PROBLEM DETAILS >>
Look through the listing below and report the lines that have the word "topspace" in them.

DATASET EXTRACT >>
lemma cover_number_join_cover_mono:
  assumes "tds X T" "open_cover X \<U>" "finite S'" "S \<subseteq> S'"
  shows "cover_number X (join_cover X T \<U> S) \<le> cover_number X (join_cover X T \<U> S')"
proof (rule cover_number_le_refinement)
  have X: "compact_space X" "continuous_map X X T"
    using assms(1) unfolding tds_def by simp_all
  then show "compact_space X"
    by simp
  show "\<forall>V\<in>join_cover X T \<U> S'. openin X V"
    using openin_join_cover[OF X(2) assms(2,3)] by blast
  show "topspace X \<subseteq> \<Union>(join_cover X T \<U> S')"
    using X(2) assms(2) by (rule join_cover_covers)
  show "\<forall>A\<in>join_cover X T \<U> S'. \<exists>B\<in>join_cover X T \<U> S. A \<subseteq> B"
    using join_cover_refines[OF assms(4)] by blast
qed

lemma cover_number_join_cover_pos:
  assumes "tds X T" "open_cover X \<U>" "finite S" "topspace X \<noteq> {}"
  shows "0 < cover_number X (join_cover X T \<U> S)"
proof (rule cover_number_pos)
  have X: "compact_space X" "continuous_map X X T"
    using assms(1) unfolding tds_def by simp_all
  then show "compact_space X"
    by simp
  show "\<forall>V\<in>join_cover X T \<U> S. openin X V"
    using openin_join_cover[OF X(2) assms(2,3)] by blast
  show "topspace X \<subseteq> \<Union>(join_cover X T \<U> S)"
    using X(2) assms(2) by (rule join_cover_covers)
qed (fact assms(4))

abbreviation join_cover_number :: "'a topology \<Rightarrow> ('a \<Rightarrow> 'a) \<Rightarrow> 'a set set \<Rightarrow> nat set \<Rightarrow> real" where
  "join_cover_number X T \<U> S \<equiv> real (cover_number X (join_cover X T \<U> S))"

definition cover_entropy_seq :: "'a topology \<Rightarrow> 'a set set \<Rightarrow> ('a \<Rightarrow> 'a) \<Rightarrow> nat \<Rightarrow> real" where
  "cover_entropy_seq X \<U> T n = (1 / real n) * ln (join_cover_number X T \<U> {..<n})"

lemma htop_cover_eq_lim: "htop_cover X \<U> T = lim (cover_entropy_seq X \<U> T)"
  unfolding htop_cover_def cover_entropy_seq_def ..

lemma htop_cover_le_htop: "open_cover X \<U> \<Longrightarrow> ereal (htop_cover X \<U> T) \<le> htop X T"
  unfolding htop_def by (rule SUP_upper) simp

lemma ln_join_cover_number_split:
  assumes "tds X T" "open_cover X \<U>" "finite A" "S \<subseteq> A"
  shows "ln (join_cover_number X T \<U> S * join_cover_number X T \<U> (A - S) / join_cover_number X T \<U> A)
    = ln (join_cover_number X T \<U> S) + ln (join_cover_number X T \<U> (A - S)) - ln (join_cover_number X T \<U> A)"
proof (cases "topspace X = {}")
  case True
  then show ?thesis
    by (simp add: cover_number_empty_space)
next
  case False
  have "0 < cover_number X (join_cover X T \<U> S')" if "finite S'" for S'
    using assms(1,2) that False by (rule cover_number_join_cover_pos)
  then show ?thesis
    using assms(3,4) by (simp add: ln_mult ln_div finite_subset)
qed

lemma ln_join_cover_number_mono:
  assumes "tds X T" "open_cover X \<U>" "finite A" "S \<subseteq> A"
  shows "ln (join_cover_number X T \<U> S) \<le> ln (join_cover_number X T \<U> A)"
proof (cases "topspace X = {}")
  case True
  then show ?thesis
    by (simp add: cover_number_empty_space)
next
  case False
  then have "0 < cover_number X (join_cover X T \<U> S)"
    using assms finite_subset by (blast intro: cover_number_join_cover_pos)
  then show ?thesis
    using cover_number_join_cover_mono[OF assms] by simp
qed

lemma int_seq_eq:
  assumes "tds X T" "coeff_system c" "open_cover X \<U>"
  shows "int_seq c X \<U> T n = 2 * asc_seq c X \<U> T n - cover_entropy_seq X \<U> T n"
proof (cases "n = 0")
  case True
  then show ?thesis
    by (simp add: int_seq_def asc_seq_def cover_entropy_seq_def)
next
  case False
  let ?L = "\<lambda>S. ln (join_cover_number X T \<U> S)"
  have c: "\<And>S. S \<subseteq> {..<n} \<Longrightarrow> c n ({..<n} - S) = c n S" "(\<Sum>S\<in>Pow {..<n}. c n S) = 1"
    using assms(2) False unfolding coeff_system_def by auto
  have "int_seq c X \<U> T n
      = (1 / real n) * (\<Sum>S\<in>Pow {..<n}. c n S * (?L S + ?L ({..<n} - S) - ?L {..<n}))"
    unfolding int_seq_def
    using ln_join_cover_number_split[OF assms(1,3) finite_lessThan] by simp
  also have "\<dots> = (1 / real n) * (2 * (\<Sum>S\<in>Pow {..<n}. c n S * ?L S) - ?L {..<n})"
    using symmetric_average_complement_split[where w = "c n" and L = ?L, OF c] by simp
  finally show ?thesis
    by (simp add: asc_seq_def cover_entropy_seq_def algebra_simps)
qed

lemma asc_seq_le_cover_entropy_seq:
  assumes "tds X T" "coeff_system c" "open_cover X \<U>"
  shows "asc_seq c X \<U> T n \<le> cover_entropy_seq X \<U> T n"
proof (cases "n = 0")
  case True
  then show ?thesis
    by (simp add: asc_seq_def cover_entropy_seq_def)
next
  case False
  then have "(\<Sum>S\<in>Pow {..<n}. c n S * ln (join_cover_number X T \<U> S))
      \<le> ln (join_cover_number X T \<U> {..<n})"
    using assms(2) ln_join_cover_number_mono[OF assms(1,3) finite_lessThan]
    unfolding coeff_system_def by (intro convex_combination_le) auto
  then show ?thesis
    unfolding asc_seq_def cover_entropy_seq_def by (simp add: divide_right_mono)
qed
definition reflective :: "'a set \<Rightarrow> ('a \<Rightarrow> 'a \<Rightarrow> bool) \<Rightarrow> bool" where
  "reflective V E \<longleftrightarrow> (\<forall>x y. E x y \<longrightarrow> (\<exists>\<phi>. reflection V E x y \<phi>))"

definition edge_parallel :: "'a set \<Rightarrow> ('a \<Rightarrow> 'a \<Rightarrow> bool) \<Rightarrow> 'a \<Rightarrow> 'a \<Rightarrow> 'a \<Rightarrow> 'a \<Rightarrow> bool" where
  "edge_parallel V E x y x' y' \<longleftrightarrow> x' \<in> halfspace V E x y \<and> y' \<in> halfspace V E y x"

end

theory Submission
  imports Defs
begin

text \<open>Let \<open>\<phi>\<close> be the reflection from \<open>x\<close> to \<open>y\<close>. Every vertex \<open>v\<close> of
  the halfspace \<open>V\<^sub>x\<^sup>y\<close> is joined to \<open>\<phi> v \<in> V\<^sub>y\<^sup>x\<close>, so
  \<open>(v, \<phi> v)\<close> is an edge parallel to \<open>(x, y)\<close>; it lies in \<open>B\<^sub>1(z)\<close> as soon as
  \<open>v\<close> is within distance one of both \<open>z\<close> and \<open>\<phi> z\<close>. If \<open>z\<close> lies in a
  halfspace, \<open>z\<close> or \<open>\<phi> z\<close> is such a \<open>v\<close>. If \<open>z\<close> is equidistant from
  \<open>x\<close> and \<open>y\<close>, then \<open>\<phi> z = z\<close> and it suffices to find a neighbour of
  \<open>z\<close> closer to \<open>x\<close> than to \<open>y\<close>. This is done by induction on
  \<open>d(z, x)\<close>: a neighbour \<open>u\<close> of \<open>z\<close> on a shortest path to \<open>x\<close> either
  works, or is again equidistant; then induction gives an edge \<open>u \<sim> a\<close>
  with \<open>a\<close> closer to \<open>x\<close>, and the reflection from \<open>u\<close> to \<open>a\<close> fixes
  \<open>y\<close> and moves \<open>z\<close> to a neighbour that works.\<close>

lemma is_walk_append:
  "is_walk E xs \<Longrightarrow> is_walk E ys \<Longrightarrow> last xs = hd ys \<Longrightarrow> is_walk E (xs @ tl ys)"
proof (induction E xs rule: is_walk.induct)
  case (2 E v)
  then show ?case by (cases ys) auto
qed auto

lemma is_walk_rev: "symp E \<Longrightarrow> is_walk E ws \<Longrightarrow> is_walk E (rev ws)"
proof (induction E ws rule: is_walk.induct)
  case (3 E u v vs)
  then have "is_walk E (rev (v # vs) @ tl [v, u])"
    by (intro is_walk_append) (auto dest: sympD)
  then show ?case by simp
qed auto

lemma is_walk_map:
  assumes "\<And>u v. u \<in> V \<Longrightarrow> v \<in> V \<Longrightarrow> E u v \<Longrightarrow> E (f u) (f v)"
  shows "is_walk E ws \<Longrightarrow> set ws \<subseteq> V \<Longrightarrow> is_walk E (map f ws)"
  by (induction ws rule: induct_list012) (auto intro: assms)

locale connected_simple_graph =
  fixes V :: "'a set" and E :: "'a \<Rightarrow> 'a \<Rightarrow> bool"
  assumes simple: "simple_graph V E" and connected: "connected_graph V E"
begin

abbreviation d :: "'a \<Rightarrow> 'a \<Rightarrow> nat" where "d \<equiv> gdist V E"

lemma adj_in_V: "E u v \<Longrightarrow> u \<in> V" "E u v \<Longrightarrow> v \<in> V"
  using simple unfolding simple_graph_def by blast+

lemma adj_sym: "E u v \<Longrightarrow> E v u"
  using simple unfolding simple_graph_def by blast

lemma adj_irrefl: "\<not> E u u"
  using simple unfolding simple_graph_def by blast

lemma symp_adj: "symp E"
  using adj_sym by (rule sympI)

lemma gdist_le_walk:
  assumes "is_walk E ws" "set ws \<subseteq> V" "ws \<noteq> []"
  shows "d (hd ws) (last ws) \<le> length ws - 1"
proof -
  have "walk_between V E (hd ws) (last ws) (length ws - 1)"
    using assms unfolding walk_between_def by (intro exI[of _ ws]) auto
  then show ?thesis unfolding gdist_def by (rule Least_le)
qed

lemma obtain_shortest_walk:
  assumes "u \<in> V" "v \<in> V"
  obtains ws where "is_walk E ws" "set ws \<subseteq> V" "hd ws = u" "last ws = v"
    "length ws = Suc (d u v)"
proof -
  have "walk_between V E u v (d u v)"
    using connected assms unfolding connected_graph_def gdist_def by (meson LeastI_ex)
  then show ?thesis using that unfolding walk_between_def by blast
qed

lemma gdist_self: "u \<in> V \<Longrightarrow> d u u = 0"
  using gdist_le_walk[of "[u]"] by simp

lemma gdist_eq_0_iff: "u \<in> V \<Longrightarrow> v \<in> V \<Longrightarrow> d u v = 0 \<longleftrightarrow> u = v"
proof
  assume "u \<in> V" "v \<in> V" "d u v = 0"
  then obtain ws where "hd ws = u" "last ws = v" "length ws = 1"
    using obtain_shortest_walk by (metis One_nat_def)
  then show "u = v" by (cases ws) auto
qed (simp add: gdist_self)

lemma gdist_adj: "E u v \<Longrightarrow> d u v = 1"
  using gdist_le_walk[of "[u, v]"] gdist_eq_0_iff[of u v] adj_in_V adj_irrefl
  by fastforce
==
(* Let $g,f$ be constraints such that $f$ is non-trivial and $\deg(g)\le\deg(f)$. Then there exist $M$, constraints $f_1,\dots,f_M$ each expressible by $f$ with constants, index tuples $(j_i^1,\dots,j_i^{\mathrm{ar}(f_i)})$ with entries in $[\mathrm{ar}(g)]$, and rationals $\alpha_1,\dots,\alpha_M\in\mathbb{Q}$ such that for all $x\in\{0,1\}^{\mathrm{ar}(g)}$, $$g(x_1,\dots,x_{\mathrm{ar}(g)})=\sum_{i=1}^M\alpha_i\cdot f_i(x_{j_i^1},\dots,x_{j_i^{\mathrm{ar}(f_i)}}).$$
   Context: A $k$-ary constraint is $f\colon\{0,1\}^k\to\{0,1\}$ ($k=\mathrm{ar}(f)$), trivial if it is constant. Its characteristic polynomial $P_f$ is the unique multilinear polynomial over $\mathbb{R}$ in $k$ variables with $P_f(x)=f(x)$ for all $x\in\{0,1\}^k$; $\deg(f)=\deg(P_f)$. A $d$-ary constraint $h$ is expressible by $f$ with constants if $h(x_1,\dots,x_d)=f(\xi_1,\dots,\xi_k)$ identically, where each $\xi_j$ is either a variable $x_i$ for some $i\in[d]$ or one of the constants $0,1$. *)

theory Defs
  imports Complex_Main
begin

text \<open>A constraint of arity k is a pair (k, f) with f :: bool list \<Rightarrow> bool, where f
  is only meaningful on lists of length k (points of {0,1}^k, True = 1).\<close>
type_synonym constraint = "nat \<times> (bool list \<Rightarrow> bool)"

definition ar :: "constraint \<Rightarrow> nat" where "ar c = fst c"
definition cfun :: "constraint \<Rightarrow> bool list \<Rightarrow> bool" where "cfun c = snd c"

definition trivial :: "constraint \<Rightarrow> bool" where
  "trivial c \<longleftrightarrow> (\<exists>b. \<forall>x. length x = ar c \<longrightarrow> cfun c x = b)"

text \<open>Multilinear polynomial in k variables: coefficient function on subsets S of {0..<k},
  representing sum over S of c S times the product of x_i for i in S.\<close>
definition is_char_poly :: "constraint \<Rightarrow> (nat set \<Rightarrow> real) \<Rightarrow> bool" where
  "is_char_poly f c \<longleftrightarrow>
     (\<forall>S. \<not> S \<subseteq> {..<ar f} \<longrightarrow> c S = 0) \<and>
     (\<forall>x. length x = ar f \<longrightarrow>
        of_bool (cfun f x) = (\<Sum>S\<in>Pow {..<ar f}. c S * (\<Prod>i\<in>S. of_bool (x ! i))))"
---
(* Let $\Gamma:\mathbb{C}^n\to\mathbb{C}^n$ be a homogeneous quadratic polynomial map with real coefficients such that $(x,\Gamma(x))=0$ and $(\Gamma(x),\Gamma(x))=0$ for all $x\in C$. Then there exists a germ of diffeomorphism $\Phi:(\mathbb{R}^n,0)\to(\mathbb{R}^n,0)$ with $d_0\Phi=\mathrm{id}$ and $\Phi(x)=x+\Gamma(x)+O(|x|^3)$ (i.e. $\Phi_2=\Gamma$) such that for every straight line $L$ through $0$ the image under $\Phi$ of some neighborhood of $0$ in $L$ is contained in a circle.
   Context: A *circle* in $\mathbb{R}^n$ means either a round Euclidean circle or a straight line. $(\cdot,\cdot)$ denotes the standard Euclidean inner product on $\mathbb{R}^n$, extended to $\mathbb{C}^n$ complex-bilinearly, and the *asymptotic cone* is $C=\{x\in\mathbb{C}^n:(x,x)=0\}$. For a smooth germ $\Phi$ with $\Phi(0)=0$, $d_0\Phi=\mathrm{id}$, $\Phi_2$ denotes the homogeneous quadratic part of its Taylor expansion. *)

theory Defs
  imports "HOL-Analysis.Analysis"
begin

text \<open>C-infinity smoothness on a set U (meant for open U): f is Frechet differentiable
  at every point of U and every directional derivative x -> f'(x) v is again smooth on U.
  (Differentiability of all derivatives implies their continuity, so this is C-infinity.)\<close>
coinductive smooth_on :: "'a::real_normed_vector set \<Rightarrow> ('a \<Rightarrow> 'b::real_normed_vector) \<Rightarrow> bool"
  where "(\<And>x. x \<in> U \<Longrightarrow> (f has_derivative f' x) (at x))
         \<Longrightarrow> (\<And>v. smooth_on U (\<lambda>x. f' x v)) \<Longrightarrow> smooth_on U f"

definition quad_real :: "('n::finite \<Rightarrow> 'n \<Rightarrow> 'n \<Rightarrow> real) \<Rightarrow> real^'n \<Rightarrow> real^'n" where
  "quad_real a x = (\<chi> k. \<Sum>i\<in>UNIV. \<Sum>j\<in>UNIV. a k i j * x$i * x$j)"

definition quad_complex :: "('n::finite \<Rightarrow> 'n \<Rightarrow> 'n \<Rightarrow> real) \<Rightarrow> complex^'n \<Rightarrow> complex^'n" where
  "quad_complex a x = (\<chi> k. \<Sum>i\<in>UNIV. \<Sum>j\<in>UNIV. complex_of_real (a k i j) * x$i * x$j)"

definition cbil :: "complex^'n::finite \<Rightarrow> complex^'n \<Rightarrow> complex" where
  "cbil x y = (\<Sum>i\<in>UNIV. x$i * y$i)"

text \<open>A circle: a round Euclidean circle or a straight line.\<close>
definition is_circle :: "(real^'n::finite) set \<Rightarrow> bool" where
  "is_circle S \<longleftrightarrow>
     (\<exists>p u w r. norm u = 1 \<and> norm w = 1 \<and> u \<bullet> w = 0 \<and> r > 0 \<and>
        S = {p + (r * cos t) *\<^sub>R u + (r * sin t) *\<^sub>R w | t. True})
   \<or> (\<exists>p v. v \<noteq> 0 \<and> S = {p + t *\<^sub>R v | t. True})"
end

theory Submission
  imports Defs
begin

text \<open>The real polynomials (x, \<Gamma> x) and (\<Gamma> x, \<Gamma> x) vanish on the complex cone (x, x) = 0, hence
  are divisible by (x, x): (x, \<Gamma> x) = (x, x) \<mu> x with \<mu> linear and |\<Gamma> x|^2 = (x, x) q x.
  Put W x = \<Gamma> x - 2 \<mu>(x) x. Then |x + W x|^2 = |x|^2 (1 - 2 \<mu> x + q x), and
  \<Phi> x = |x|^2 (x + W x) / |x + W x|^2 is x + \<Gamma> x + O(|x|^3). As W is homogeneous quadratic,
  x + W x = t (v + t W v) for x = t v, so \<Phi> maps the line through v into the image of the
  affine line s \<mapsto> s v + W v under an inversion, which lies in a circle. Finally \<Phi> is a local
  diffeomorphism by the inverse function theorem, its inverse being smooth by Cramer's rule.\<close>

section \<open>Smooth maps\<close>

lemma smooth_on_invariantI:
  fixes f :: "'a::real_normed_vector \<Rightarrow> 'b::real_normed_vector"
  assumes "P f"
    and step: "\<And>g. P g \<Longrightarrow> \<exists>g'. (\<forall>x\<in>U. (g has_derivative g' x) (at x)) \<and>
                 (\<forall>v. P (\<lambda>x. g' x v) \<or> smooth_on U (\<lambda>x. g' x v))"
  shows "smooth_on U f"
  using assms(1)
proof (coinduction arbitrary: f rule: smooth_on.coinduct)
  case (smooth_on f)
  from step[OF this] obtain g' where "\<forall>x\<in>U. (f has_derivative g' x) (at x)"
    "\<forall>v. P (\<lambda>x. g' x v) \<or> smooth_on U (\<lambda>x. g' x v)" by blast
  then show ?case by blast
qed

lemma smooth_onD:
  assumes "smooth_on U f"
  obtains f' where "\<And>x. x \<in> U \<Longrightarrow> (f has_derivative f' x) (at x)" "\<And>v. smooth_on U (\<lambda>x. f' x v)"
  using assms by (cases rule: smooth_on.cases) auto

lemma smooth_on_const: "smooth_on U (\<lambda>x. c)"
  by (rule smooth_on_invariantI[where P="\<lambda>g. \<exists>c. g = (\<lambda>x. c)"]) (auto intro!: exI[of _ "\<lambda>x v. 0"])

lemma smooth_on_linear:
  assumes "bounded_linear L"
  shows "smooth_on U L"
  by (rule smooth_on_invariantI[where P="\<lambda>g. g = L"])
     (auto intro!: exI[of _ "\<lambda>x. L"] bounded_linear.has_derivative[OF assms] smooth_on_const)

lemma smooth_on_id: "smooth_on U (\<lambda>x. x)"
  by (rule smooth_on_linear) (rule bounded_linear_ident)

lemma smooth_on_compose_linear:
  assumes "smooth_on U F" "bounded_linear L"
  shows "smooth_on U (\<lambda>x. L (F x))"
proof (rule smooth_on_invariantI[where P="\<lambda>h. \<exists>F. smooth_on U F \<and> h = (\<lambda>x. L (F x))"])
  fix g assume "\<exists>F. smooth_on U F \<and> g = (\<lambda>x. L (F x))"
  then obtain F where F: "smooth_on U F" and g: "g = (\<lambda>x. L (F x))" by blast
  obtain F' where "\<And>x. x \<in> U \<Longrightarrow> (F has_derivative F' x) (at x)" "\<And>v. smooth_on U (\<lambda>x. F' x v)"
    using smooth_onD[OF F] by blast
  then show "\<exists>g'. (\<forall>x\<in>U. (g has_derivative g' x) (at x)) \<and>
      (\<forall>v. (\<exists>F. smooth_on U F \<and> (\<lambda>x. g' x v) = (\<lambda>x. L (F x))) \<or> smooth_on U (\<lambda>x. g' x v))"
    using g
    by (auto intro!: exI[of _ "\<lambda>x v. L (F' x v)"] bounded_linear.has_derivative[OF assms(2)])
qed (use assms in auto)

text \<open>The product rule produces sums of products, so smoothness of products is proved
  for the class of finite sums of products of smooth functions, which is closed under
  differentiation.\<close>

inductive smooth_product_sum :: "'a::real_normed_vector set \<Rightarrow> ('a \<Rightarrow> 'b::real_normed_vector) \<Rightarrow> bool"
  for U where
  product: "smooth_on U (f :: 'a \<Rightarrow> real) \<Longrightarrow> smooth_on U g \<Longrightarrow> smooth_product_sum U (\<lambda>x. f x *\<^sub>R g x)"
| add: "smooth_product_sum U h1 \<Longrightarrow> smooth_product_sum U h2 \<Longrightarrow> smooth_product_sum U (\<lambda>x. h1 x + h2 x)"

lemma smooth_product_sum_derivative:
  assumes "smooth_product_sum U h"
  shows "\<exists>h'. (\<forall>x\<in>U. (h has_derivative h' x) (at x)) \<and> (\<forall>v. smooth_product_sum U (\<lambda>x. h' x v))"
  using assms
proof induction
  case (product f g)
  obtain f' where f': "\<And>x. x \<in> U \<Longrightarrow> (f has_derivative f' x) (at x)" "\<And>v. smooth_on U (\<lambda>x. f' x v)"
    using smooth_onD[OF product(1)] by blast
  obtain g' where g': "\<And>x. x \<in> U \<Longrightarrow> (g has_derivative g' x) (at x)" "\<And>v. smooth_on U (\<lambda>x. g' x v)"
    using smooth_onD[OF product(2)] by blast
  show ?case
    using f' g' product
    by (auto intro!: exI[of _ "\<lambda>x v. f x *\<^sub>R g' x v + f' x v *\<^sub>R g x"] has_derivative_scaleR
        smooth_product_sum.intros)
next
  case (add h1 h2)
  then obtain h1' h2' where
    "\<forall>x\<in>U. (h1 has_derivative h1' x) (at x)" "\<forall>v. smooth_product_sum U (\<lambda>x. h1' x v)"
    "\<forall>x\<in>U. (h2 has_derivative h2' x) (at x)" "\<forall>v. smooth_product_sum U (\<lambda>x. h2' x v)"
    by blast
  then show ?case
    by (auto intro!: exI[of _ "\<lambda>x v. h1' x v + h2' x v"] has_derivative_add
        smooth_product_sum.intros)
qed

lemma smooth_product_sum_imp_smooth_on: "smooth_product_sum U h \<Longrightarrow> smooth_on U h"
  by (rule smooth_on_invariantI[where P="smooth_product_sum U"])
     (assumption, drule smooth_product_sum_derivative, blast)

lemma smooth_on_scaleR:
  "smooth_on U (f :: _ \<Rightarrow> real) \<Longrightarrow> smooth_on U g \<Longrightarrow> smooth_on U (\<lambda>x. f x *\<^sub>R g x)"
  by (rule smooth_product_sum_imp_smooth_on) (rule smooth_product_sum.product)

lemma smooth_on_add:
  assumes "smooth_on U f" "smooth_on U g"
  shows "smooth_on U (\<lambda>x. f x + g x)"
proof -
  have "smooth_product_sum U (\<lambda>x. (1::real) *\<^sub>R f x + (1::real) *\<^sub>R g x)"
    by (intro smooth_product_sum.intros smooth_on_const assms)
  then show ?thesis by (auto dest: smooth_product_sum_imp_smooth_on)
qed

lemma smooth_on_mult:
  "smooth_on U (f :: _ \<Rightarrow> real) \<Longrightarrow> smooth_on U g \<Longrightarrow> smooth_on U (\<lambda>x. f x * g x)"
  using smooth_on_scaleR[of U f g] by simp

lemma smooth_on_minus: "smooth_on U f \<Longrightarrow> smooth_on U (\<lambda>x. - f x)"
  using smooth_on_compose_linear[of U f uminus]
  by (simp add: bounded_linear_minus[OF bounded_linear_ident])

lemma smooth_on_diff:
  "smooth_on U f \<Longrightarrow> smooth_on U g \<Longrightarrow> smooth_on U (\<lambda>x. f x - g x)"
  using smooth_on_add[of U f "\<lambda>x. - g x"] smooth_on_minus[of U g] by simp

TASK OUTPUT >>
  show "topspace X \<subseteq> \<Union>(join_cover X T \<U> S')"
  assumes "tds X T" "open_cover X \<U>" "finite S" "topspace X \<noteq> {}"
  show "topspace X \<subseteq> \<Union>(join_cover X T \<U> S)"
proof (cases "topspace X = {}")
proof (cases "topspace X = {}")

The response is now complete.